CREEK COUNTY, Okla. - As Creek County residents continue to recover from last weekend's devastating wildfires, their neighbors are still standing beside them.
Relief centers continue to operate across the county, mostly in churches.
One of the biggest relief centers is at the First Baptist Church in Olive.
The church's pastor, Jeff Laughlin, said it started when he offered the building as a shelter for a family whose home was being threatened by a fire.
"As the fires continued to progress, we had another church who burned. They had been collecting items and they asked if they could bring their items to our building," said Laughlin.
That's when donations started pouring in to First Baptist.
Within days, there was enough donations to fill six rooms.
"As far as the community goes, it really hasn't surprised us too much. What has really surprised us though is the people from outside the community that have pitched in and helped," said Laughlin.
Donations at the church include clothes, non-pershible food, pet food, bottled water and equipment to help with debris removal.

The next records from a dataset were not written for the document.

definition edgeM :: "('v \<Rightarrow> 'v \<Rightarrow> nat \<times> nat \<Rightarrow> complex) \<Rightarrow> ('v set \<Rightarrow> nat) \<Rightarrow> 'v set set
    \<Rightarrow> 'v set \<Rightarrow> ('v \<Rightarrow> nat \<times> nat) \<Rightarrow> complex" where
  "edgeM mu d F e g = (if e \<in> F then idm e g - bpproj mu d e g else bpproj mu d e g)"

definition Zfull where
  "Zfull V E d p Aten S Op = netc V E d p Aten S Op (\<lambda>e. idm e)"

definition Ztilde where
  "Ztilde V E d p Aten mu S Op F = netc V E d p Aten S Op (edgeM mu d F)"

definition ZBP where
  "ZBP V E d p Aten mu S Op = Ztilde V E d p Aten mu S Op {}"

definition bp_fixed_point where
  "bp_fixed_point V E d p Aten mu \<longleftrightarrow>
     (\<forall>e\<in>E. msgI mu d e \<noteq> 0) \<and>
     (\<forall>v\<in>V. \<forall>e\<in>inc E v. \<exists>c::complex. \<forall>x\<in>bonds d e.
        (\<Sum>y\<in>{y\<in>(\<Pi>\<^sub>E e'\<in>inc E v. bonds d e'). y e = x}.
            normT E p Aten v y * (\<Prod>e'\<in>inc E v - {e}. mu (other v e') v (y e')))
        = c * mu v (other v e) x)"

text \<open>Polymers L_AB: a polymer is the (nonempty) edge set F of a connected subgraph;
  its vertex set (support) is the union of F.\<close>
definition esupp :: "'v set set \<Rightarrow> 'v set" where
  "esupp F = \<Union>F"

definition edges_connected :: "'v set set \<Rightarrow> bool" where
  "edges_connected F \<longleftrightarrow>
     (\<forall>u\<in>\<Union>F. \<forall>w\<in>\<Union>F. (u, w) \<in> {(x, y). \<exists>e\<in>F. x \<in> e \<and> y \<in> e}\<^sup>*)"

definition polymers :: "'v set set \<Rightarrow> 'v set \<Rightarrow> 'v set \<Rightarrow> 'v set set set" where
  "polymers E A B = {F. F \<subseteq> E \<and> F \<noteq> {} \<and> edges_connected F \<and>
        (\<forall>v\<in>\<Union>F - (A \<union> B). card (inc F v) \<ge> 2)}"

definition iedges :: "'v set set list \<Rightarrow> nat set set" where
  "iedges xs = {{i, j} | i j. i < length xs \<and> j < length xs \<and> i \<noteq> j \<and>
        (xs ! i = xs ! j \<or> esupp (xs ! i) \<inter> esupp (xs ! j) \<noteq> {})}"

definition spans_connected :: "nat \<Rightarrow> nat set set \<Rightarrow> bool" where
  "spans_connected n C \<longleftrightarrow> (\<forall>i<n. \<forall>j<n. (i, j) \<in> {(a, b). {a, b} \<in> C}\<^sup>*)"

definition enum_cluster :: "'v set set multiset \<Rightarrow> 'v set set list" where
  "enum_cluster W = (SOME xs. mset xs = W)"

definition cluster_connected :: "'v set set multiset \<Rightarrow> bool" where
  "cluster_connected W \<longleftrightarrow> W \<noteq> {#} \<and>
     spans_connected (size W) (iedges (enum_cluster W))"

definition ursell :: "'v set set multiset \<Rightarrow> real" where
  "ursell W = (1 / (\<Prod>l\<in>set_mset W. fact (count W l))) *
     (\<Sum>C\<in>{C. C \<subseteq> iedges (enum_cluster W) \<and> spans_connected (size W) C}.
        (-1) ^ card C)"

definition connected_clusters :: "'v set set \<Rightarrow> 'v set \<Rightarrow> 'v set \<Rightarrow> 'v set set multiset set" where
  "connected_clusters E A B = {W. set_mset W \<subseteq> polymers E A B \<and> cluster_connected W}"

definition csupp :: "'v set set multiset \<Rightarrow> 'v set" where
  "csupp W = (\<Union>l\<in>set_mset W. esupp l)"

definition Zpoly where
  "Zpoly V E d p Aten mu S Op l = Ztilde V E d p Aten mu S Op l / ZBP V E d p Aten mu S Op"

definition Zclus where
  "Zclus V E d p Aten mu S Op W = (\<Prod>l\<in>set_mset W. (Zpoly V E d p Aten mu S Op l) ^ count W l)"

definition expect where
  "expect V E d p Aten S Op = Zfull V E d p Aten S Op / Zfull V E d p Aten {} (\<lambda>_ _. 1)"

definition opprod :: "'v set \<Rightarrow> (('v \<Rightarrow> nat) \<Rightarrow> ('v \<Rightarrow> nat) \<Rightarrow> complex) \<Rightarrow> 'v set
    \<Rightarrow> (('v \<Rightarrow> nat) \<Rightarrow> ('v \<Rightarrow> nat) \<Rightarrow> complex) \<Rightarrow> ('v \<Rightarrow> nat) \<Rightarrow> ('v \<Rightarrow> nat) \<Rightarrow> complex" where
  "opprod A OA B OB s s' = OA (restrict s A) (restrict s' A) * OB (restrict s B) (restrict s' B)"

end

theory Submission
  imports Defs
begin

(* If no edge of F meets B, every edge at a site of B carries the rank-one BP projector, which is a
   product over the two endpoints of the edge.  Hence the sites of B decouple from the rest of the
   network: inserting O_B on B multiplies tilde Z^X_F by a factor that depends only on B and O_B,
   not on F or X.  So polymers avoiding B have the same weight for X \<union> B as for X, and F = {}
   gives Z^AB_BP Z_BP = Z^A_BP Z^B_BP.  In the combination log Z^AB + log Z - log Z^A - log Z^B of
   the four cluster expansions the BP terms therefore cancel, and so does every cluster missing A
   or B; what is left is Z^AB Z = exp T Z^A Z^B, with T the sum over the clusters linking A and B. *)

lemma sum_PiE_merge:
  assumes "I \<inter> J = {}"
  shows "(\<Sum>h\<in>Pi\<^sub>E (I \<union> J) C. f h)
       = (\<Sum>x\<in>Pi\<^sub>E I C. \<Sum>y\<in>Pi\<^sub>E J C. f (merge I J (x, y)))"
proof -
  have "(\<Sum>h\<in>Pi\<^sub>E (I \<union> J) C. f h)
      = (\<Sum>(x, y)\<in>Pi\<^sub>E I C \<times> Pi\<^sub>E J C. f (merge I J (x, y)))"
    by (rule sum.reindex_bij_witness[where i = "merge I J" and j = "\<lambda>h. (restrict h I, restrict h J)"])
      (use assms in \<open>auto simp: restrict_PiE_iff\<close>)
  then show ?thesis
    by (simp add: sum.cartesian_product)
qed

lemma infsum_combination_vanishing_outside:
  fixes f1 f2 f3 f4 g :: "'a \<Rightarrow> 'b::{topological_ab_group_add, t2_space}"
  assumes "f1 summable_on C" "f2 summable_on C" "f3 summable_on C" "f4 summable_on C" "R \<subseteq> C"
    and "\<And>x. x \<in> C \<Longrightarrow> g x = f1 x + f2 x - f3 x - f4 x" and "\<And>x. x \<in> C - R \<Longrightarrow> g x = 0"
  shows "infsum g R = infsum f1 C + infsum f2 C - infsum f3 C - infsum f4 C"
proof -
  have "infsum g R = infsum g C"
    using assms(5,7) by (intro infsum_cong_neutral) auto
  also have "\<dots> = infsum (\<lambda>x. f1 x + f2 x - f3 x - f4 x) C"
    using assms(6) by (rule infsum_cong)
  also have "\<dots> = infsum f1 C + infsum f2 C - infsum f3 C - infsum f4 C"
    unfolding diff_conv_add_uminus using assms(1-4)
    by (intro infsumI has_sum_add has_sum_infsum) (simp_all add: has_sum_uminus has_sum_infsum)
  finally show ?thesis .
qed

lemma blockT_cong_config:
  "(\<And>v. v \<in> S \<Longrightarrow> h v = h' v) \<Longrightarrow> blockT E p Aten S Op h = blockT E p Aten S Op h'"
  unfolding blockT_def by (intro sum.cong refl prod.cong) auto

lemma blockT_cong_op:
  "(\<And>s s'. s \<in> physconf p S \<Longrightarrow> s' \<in> physconf p S \<Longrightarrow> Op s s' = Op' s s')
   \<Longrightarrow> blockT E p Aten S Op h = blockT E p Aten S Op' h"
  unfolding blockT_def by (intro sum.cong refl) auto

lemma blockT_opprod:
  assumes "finite S" "finite T" "S \<inter> T = {}"
  shows "blockT E p Aten (S \<union> T) (opprod S OS T OT) h = blockT E p Aten S OS h * blockT E p Aten T OT h"
proof -
  define K where
    "K v t t' = Aten v t' (\<lambda>e\<in>inc E v. fst (h v e)) * cnj (Aten v t (\<lambda>e\<in>inc E v. snd (h v e)))"
    for v t t'
  define P where "P X = physconf p X" for X
  have merge_P: "(\<Sum>s\<in>P (S \<union> T). g s) = (\<Sum>s1\<in>P S. \<Sum>s2\<in>P T. g (merge S T (s1, s2)))"
    for g :: "_ \<Rightarrow> complex"
    unfolding P_def physconf_def using assms(3) by (rule sum_PiE_merge)
  have summand: "opprod S OS T OT (merge S T (s1, s2)) (merge S T (s1', s2')) *
        (\<Prod>v\<in>S \<union> T. K v (merge S T (s1, s2) v) (merge S T (s1', s2') v))
      = (OS s1 s1' * (\<Prod>v\<in>S. K v (s1 v) (s1' v))) * (OT s2 s2' * (\<Prod>v\<in>T. K v (s2 v) (s2' v)))"
    if "s1 \<in> P S" "s1' \<in> P S" "s2 \<in> P T" "s2' \<in> P T" for s1 s2 s1' s2'
    using that assms by (simp add: P_def physconf_def opprod_def prod.union_disjoint mult_ac)
  have "blockT E p Aten (S \<union> T) (opprod S OS T OT) h =
      (\<Sum>s1\<in>P S. \<Sum>s2\<in>P T. \<Sum>s1'\<in>P S. \<Sum>s2'\<in>P T.
        (OS s1 s1' * (\<Prod>v\<in>S. K v (s1 v) (s1' v))) * (OT s2 s2' * (\<Prod>v\<in>T. K v (s2 v) (s2' v))))"
    unfolding blockT_def K_def[symmetric] P_def[symmetric] merge_P by (simp add: summand)
  also have "\<dots> = blockT E p Aten S OS h * blockT E p Aten T OT h"
    unfolding blockT_def K_def[symmetric] P_def[symmetric]
    by (simp add: sum_product sum.swap[of _ "P T" "P S"])
  finally show ?thesis .
qed

lemma Ztilde_opprod_unit:
  "Ztilde V E d p Aten mu B (opprod {} (\<lambda>_ _. 1) B OB) F = Ztilde V E d p Aten mu B OB F"
proof -
  have "blockT E p Aten B (opprod {} (\<lambda>_ _. 1) B OB) h = blockT E p Aten B OB h" for h
    by (rule blockT_cong_op) (auto simp: opprod_def physconf_def)
  then show ?thesis
    unfolding Ztilde_def netc_def by simp
qed

lemma opprod_commute: "opprod A OA B OB = opprod B OB A OA"
  unfolding opprod_def by (simp add: fun_eq_iff mult.commute)

lemma sum_hconfigs_merge:
  assumes "B \<subseteq> V"
  shows "(\<Sum>h\<in>hconfigs V E d. f h) =
    (\<Sum>h1\<in>hconfigs (V - B) E d. \<Sum>h2\<in>hconfigs B E d. f (merge (V - B) B (h1, h2)))"
proof -
  have "V = (V - B) \<union> B"
    using assms by blast
  then show ?thesis
    unfolding hconfigs_def by (subst (1) \<open>V = (V - B) \<union> B\<close>) (rule sum_PiE_merge, blast)
qed

definition boundary_msgs :: "('v \<Rightarrow> 'v \<Rightarrow> nat \<times> nat \<Rightarrow> complex) \<Rightarrow> 'v set set \<Rightarrow> 'v set
    \<Rightarrow> ('v \<Rightarrow> 'v set \<Rightarrow> nat \<times> nat) \<Rightarrow> complex" where
  "boundary_msgs mu E B h = (\<Prod>e\<in>E. \<Prod>u\<in>e \<inter> B. mu (other u e) u (h u e))"

(* The contribution of the sites of B, with O_B inserted or without operator, once every edge at B
   carries the rank-one BP projector. *)
definition bp_block :: "'v set set \<Rightarrow> ('v set \<Rightarrow> nat) \<Rightarrow> ('v \<Rightarrow> nat)
    \<Rightarrow> ('v \<Rightarrow> nat \<Rightarrow> ('v set \<Rightarrow> nat) \<Rightarrow> complex) \<Rightarrow> ('v \<Rightarrow> 'v \<Rightarrow> nat \<times> nat \<Rightarrow> complex)
    \<Rightarrow> 'v set \<Rightarrow> (('v \<Rightarrow> nat) \<Rightarrow> ('v \<Rightarrow> nat) \<Rightarrow> complex) \<Rightarrow> complex" where
  "bp_block E d p Aten mu B OB =
     (\<Sum>h\<in>hconfigs B E d. blockT E p Aten B OB h * boundary_msgs mu E B h)"

definition bp_block_norm :: "'v set set \<Rightarrow> ('v set \<Rightarrow> nat) \<Rightarrow> ('v \<Rightarrow> nat)
    \<Rightarrow> ('v \<Rightarrow> nat \<Rightarrow> ('v set \<Rightarrow> nat) \<Rightarrow> complex) \<Rightarrow> ('v \<Rightarrow> 'v \<Rightarrow> nat \<times> nat \<Rightarrow> complex)
    \<Rightarrow> 'v set \<Rightarrow> complex" where
  "bp_block_norm E d p Aten mu B =
     (\<Sum>h\<in>hconfigs B E d. (\<Prod>v\<in>B. normT E p Aten v (h v)) * boundary_msgs mu E B h)"

locale peps_graph =
  fixes V :: "'v set" and E :: "'v set set"
  assumes finite_V: "finite V" and edges_in_V: "\<And>e. e \<in> E \<Longrightarrow> e \<subseteq> V"
begin

lemma prod_edgeM_factor:
  assumes "\<forall>e\<in>F. e \<inter> B = {}"
  obtains out where "\<And>h1 h2. (\<Prod>e\<in>E. edgeM mu d F e (\<lambda>u\<in>e. merge (V - B) B (h1, h2) u e))
                                = out h1 * boundary_msgs mu E B h2"
proof
  fix h1 h2
  define m where "m e u g = mu (other u e) u (g u e)" for e u g
  have "edgeM mu d F e (\<lambda>u\<in>e. merge (V - B) B (h1, h2) u e)
      = (if e \<inter> B = {} then edgeM mu d F e (\<lambda>u\<in>e. h1 u e)
         else (\<Prod>u\<in>e - B. m e u h1) / msgI mu d e) * (\<Prod>u\<in>e \<inter> B. m e u h2)"
    if e: "e \<in> E" for e
  proof (cases "e \<inter> B = {}")
    case True
    then have "(\<lambda>u\<in>e. merge (V - B) B (h1, h2) u e) = (\<lambda>u\<in>e. h1 u e)"
      using edges_in_V[OF e] by (auto simp: merge_def intro!: restrict_ext)
    then show ?thesis using True by simp
  next
    case False
    then have "e \<notin> F" using assms by auto
    have "finite e" using e edges_in_V finite_V finite_subset by blast
    have "(\<Prod>u\<in>e. mu (other u e) u (merge (V - B) B (h1, h2) u e))
        = (\<Prod>u\<in>e - B. m e u (merge (V - B) B (h1, h2))) *
          (\<Prod>u\<in>e \<inter> B. m e u (merge (V - B) B (h1, h2)))"
      unfolding m_def by (subst prod.Int_Diff[OF \<open>finite e\<close>, of _ B]) (rule mult.commute)
    also have "\<dots> = (\<Prod>u\<in>e - B. m e u h1) * (\<Prod>u\<in>e \<inter> B. m e u h2)"
      using edges_in_V[OF e] by (intro arg_cong2[where f = "(*)"] prod.cong) (auto simp: m_def)
    finally show ?thesis using False \<open>e \<notin> F\<close> by (simp add: edgeM_def bpproj_def m_def)
  qed
  then show "(\<Prod>e\<in>E. edgeM mu d F e (\<lambda>u\<in>e. merge (V - B) B (h1, h2) u e))
      = (\<Prod>e\<in>E. if e \<inter> B = {} then edgeM mu d F e (\<lambda>u\<in>e. h1 u e)
                 else (\<Prod>u\<in>e - B. m e u h1) / msgI mu d e) * boundary_msgs mu E B h2"
    unfolding boundary_msgs_def m_def[symmetric] by (simp add: prod.distrib[symmetric])
qed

Laughlin said they need more water hoses, garden rakes, and extension cords.
In addition to the donations, the church also provides daily lunch (11a.m. to 1 p.m.) and dinner (5 p.m. to 7 p.m.) for fire victims.
Laughlin said the relief center would not be possible without its volunteers.
"It's just been really amazing to see how people come together to help people in need," said Laughlin.
Of course, fire victims are also getting help from the American Red Cross' Multi-Agency Resource Center in Mannford.
Victims can talk with caseworkers, health professionals and even find volunteers to help them with debris removal.
Site manager, Jaison Scott, said Saturday was particularly busy.
"This has been the first weekend since the fire that everybody has been able to get back in. All the people that are working, they're finally able to get back in here [to] receive assistance," said Scott.
The Red Cross' Mannford shelter will close on Sunday afternoon, however the resource center will remain open at the First United Methodist Church, which is located at 100 E. Greenwood Avenue.
Scott said it looks like 209 homes were destroyed or damaged in Creek County, however final numbers are not in.
More than 300 homes were damaged or destroyed statewide.